**Exercise aim**
Go through the entries below line by line and tally those holding "simps"; write only the tally.
= Beginning of Section =
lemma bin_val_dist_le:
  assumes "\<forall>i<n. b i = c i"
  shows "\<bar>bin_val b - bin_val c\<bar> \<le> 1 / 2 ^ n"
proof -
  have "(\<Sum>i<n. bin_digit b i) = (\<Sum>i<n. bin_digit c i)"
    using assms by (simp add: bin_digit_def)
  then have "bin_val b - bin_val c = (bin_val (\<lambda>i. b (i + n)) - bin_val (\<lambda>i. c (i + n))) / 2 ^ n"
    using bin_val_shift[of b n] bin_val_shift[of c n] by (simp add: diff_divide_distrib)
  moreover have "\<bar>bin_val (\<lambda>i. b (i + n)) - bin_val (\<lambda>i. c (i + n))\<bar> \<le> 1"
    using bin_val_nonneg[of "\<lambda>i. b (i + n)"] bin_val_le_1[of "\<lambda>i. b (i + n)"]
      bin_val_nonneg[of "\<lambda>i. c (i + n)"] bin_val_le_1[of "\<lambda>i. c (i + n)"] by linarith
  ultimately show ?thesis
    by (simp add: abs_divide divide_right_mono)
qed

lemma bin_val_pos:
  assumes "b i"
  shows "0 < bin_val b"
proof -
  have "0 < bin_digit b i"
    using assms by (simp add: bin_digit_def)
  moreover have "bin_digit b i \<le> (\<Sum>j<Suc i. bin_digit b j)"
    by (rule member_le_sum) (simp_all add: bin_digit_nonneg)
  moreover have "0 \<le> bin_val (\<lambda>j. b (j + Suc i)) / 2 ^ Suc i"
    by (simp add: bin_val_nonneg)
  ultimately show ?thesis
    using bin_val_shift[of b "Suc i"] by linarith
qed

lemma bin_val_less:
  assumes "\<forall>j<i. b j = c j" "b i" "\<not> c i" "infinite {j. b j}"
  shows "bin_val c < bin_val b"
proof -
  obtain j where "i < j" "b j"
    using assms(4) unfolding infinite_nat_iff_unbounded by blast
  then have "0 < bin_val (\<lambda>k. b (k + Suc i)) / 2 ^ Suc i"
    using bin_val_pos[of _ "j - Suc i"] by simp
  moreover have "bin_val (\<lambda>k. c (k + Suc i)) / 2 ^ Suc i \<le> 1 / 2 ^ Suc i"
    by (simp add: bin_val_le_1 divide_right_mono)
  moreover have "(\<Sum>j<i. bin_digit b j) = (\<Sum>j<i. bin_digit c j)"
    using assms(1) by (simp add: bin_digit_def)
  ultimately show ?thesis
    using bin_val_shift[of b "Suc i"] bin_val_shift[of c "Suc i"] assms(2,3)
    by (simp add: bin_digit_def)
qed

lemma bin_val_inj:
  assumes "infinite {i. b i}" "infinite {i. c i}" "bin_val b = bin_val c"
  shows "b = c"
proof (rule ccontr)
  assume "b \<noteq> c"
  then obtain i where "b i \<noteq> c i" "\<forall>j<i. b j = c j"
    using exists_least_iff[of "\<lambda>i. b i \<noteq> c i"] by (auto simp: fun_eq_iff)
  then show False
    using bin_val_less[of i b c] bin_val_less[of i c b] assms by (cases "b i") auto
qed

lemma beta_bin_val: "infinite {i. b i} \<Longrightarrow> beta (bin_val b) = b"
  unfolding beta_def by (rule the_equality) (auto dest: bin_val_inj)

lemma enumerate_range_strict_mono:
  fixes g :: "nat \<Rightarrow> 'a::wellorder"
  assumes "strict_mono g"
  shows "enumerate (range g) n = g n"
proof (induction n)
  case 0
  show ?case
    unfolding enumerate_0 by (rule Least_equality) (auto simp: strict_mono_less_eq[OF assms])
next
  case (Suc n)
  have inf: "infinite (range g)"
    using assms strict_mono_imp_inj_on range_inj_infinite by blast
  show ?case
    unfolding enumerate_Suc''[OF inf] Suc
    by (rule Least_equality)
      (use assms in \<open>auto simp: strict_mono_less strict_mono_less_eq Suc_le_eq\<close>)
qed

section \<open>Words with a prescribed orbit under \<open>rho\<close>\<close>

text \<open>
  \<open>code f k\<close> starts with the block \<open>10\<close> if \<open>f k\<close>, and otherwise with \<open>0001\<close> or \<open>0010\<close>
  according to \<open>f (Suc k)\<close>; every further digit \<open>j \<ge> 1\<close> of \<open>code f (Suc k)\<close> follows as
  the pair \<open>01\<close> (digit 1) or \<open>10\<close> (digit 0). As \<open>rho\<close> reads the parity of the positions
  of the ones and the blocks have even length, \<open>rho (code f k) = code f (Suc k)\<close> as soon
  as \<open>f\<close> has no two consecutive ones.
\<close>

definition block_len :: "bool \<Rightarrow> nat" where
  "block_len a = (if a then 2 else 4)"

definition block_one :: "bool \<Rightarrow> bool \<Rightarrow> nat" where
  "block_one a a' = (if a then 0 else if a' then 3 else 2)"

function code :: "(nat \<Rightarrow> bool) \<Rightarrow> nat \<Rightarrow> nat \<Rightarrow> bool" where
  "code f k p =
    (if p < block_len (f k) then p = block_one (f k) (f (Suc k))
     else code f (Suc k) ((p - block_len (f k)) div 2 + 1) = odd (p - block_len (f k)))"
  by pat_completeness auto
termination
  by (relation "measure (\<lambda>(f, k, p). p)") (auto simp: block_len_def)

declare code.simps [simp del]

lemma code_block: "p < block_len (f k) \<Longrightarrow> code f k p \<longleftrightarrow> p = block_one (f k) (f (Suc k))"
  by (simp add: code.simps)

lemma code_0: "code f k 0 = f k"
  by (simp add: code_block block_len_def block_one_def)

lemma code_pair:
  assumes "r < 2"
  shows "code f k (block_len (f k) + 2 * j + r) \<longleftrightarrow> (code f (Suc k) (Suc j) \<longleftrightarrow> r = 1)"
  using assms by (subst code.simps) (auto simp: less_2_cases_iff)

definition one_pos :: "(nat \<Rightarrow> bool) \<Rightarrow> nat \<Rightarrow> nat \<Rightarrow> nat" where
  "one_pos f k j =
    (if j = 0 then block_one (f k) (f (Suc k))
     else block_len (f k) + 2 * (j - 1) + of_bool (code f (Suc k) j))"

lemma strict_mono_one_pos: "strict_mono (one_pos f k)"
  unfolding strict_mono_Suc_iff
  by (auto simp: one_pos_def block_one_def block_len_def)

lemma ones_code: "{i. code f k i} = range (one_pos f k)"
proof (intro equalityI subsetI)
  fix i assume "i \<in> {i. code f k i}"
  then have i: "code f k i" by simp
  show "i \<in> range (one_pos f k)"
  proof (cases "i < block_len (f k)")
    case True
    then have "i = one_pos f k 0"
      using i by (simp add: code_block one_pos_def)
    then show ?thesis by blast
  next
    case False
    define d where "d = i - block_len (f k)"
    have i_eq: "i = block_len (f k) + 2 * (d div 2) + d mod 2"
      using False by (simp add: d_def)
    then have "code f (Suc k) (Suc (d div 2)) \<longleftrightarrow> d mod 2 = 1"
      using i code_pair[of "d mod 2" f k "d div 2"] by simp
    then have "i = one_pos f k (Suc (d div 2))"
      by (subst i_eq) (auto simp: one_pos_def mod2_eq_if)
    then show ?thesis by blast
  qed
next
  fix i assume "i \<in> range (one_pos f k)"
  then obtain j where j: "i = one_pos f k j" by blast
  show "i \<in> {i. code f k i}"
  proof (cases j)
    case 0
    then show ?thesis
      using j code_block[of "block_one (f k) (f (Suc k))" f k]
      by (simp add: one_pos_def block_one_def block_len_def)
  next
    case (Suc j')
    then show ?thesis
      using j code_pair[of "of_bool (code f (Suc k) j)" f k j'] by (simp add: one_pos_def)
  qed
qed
= End of Section =
= Beginning of Section =
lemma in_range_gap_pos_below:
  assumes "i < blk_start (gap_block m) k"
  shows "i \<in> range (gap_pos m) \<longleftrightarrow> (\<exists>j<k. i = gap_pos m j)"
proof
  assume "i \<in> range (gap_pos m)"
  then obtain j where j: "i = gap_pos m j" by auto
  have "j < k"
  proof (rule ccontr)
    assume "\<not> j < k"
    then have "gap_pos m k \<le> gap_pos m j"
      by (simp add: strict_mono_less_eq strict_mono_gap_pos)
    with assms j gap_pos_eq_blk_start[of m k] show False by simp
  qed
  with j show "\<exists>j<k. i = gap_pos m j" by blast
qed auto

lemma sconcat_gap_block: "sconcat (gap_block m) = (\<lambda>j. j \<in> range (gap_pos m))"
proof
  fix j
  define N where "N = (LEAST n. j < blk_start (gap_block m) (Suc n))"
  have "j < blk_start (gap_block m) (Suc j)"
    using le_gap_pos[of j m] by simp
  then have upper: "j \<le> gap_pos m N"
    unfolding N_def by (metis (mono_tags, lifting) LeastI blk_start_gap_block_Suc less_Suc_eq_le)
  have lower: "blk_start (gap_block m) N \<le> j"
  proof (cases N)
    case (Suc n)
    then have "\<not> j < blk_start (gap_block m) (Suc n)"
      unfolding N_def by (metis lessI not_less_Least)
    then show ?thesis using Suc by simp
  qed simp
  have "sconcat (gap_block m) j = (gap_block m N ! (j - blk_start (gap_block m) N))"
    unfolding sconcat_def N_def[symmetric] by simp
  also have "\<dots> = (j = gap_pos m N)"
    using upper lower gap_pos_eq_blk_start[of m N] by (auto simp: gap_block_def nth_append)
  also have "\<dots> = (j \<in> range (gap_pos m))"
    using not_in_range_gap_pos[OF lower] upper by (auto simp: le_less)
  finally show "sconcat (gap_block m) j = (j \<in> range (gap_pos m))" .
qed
= End of Section =
**Task response**
3